Following our reasoning, we see that if the maximum item byte alignment is extended, the system will try to populate the 1-byte case type at the end of the extension. To save resources

What if associative enumerations were more complicated?

Case 5 enum Test {case enum1 (t1: Int, t2: Int8, t3: Int, t4: String) case enum2 (t1: Int8, t2: Int, t3: Int16, t4: Int, t5, Int8, t6: String)} Aligned on the first 8 8,8,8,16,1,8,16 = = > 1,8,2,8,1,16 = = > 8,8,2,8,1,16 = = > 8,8,8,8,1,16 = = > 8,8,8,8,8,16 maximum enum2 to 56 Since the first entry t1 of Enum2 is expanded, the system will try to store the type of the 8th byte to determine whether the 8th byte is invalid in other cases or if the 8th byte of Enum1 is found to be inappropriate to store T1. Then the system will try to store the type of the 24th byte after getting the second entry T3 of Enum2 If byte 17 to 24 of Enum1 is not suitable to store T3, the system will try to determine whether byte 40 is invalid or extended in other cases by storage type of byte 40 Var b = test. enum2(T1:1, T2:2, T3:3, T4:4, T5:5,t6: "1"), we construct view of memory b b 01 00 00 00 00 00 00 00 02 00 00 00 00 00 00 00 03 00 00 00 00 00 00 00 04 00 00 00 00 00 00 00 05 00 31 00 00 00 00 00 00 00 00 00 00 00 00 00 00 00 00 00 00 00 00 E1 01 00 00 00 00 00 00 00 we according to 8 8 8 8 8 16 1 00 00 00 00 00 00 00 00 00 00 00 00 01 t1 = 1 00 00 00 00 00 00 00 00 02 T2 = 2 00 00 00 00 00 00 00 00 00 00 00 00 03 T3 = 3 00 00 00 00 00 00 00 00 00 00 00 00 00 00 04 T4 = 4 00 00 00 00 00 05 t5 = 5 31 00 00 00 00 00 00 00 00 00 00 00 00 00 00 E1 T6 = 1 01 is a case typeCopy the code

4 summarizes

Byte alignment:

The total number of bytes used by the first n−1 parameter must be the smallest positive multiple of the number of bytes used by the NTH parameter (if the number of bytes used is greater than 8, take 8 as the dividend)

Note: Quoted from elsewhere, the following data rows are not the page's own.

(* For every nonempty standard subset $J\subseteq\{1,\dots,t\}$ one has $\mathrm{Ext}^1_{\mathcal A_{t,1}}(\Delta(J),\Delta(J))=0$.
   Context: Let $k$ be an algebraically closed field and $t\ge 3$ an integer. $\mathcal A_{t,1}$ is the quotient of the path algebra over $k$ of the quiver with vertices $1,\dots,t$, arrows $\alpha_i:i\to i+1$ ($1\le i\le t-1$) and $\beta_j:j+2\to j$ ($1\le j\le t-2$), by the relations $\beta_1\alpha_2=0$ and $\beta_{i+1}\alpha_{i+2}=\alpha_i\beta_i$ for $1\le i\le t-3$ (compositions of linear maps, written right to left). Modules are finite-dimensional and identified with representations $(M_i;\alpha_i,\beta_j)$ of the quiver satisfying these relations. A subset $J\subseteq\{1,\dots,t\}$ is standard if $j\in J$ implies $j+1\notin J$. For a nonempty standard subset $J$, the standard module $\Delta(J)$ has $\Delta(J)_i=k^{l}$ where $l=\#\{j\in J: j\le i\}$, with standard basis $e_1,\dots,e_l$; each $\alpha_i$ is the natural inclusion $e_h\mapsto e_h$, and each $\beta_j$ sends $e_h\mapsto e_{h-1}$ for $h\ge 2$ and $e_1\mapsto 0$. *)

theory Defs
  imports "HOL-Computational_Algebra.Polynomial" "Jordan_Normal_Form.Matrix"
begin

text \<open>A finite-dimensional representation of the quiver of A_{t,1}: at vertex i the space
  k^(dimv M i) (every finite-dimensional space is isomorphic to one of these);
  alp M i : vertex i -> i+1 and bet M j : vertex j+2 -> j are matrices.\<close>
record 'k qrep =
  dimv :: "nat \<Rightarrow> nat"
  alp  :: "nat \<Rightarrow> 'k mat"
  bet  :: "nat \<Rightarrow> 'k mat"

definition is_rep :: "nat \<Rightarrow> 'k::field qrep \<Rightarrow> bool" where
  "is_rep t M \<longleftrightarrow>
     (\<forall>i\<in>{1..t-1}. alp M i \<in> carrier_mat (dimv M (i+1)) (dimv M i)) \<and>
     (\<forall>j\<in>{1..t-2}. bet M j \<in> carrier_mat (dimv M j) (dimv M (j+2))) \<and>
     bet M 1 * alp M 2 = 0\<^sub>m (dimv M 1) (dimv M 2) \<and>
     (\<forall>i\<in>{1..t-3}. bet M (i+1) * alp M (i+2) = alp M i * bet M i)"

definition is_hom :: "nat \<Rightarrow> 'k::field qrep \<Rightarrow> 'k qrep \<Rightarrow> (nat \<Rightarrow> 'k mat) \<Rightarrow> bool" where
  "is_hom t M N f \<longleftrightarrow>
     (\<forall>i\<in>{1..t}. f i \<in> carrier_mat (dimv N i) (dimv M i)) \<and>
     (\<forall>i\<in>{1..t-1}. f (i+1) * alp M i = alp N i * f i) \<and>
     (\<forall>j\<in>{1..t-2}. f j * bet M j = bet N j * f (j+2))"

definition short_exact :: "nat \<Rightarrow> 'k::field qrep \<Rightarrow> 'k qrep \<Rightarrow> 'k qrep
    \<Rightarrow> (nat \<Rightarrow> 'k mat) \<Rightarrow> (nat \<Rightarrow> 'k mat) \<Rightarrow> bool" where
  "short_exact t N E M f g \<longleftrightarrow>
     is_rep t N \<and> is_rep t E \<and> is_rep t M \<and> is_hom t N E f \<and> is_hom t E M g \<and>
     (\<forall>i\<in>{1..t}.
        (\<forall>u\<in>carrier_vec (dimv N i). f i *\<^sub>v u = 0\<^sub>v (dimv E i) \<longrightarrow> u = 0\<^sub>v (dimv N i)) \<and>
        (\<forall>v\<in>carrier_vec (dimv E i).
            g i *\<^sub>v v = 0\<^sub>v (dimv M i) \<longleftrightarrow> (\<exists>u\<in>carrier_vec (dimv N i). v = f i *\<^sub>v u)) \<and>
        (\<forall>w\<in>carrier_vec (dimv M i). \<exists>v\<in>carrier_vec (dimv E i). g i *\<^sub>v v = w))"

text \<open>Ext^1(M,N) = 0 (Yoneda description): every extension of M by N splits.\<close>
definition Ext1_zero :: "nat \<Rightarrow> 'k::field qrep \<Rightarrow> 'k qrep \<Rightarrow> bool" where
  "Ext1_zero t M N \<longleftrightarrow>
     (\<forall>(E::'k qrep) f g. short_exact t N E M f g \<longrightarrow>
        (\<exists>s. is_hom t M E s \<and> (\<forall>i\<in>{1..t}. g i * s i = 1\<^sub>m (dimv M i))))"

definition standard :: "nat \<Rightarrow> nat set \<Rightarrow> bool" where
  "standard t J \<longleftrightarrow> J \<subseteq> {1..t} \<and> (\<forall>j\<in>J. j + 1 \<notin> J)"

text \<open>Standard module Delta(J); basis vector e_h is index h-1.\<close>
definition Delta :: "nat set \<Rightarrow> 'k::field qrep" where
  "Delta J = (let l = (\<lambda>i. card {j\<in>J. j \<le> i}) in
     \<lparr> dimv = l,
       alp = (\<lambda>i. mat (l (i+1)) (l i) (\<lambda>(r,c). if r = c then 1 else 0)),
       bet = (\<lambda>j. mat (l j) (l (j+2)) (\<lambda>(r,c). if c = r + 1 then 1 else 0)) \<rparr>)"

definition alg_closed_field :: "'k::field itself \<Rightarrow> bool" where
  "alg_closed_field _ \<longleftrightarrow> (\<forall>p::'k poly. degree p > 0 \<longrightarrow> (\<exists>x. poly p x = 0))"

end

theory Submission
  imports Defs
begin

Enumeration size of associated values:

After byte alignment, the largest byte Max is taken. If it is extended, try to determine whether the last bit of all extended parameters is invalid bit or extended bit of other case items. If such a position exists, the total occupation of 1 byte can be optimized to Max, and the case type is stored in the last byte of the extension. The case type is stored in the Max +1 byte if the maximum item is not found or not expanded.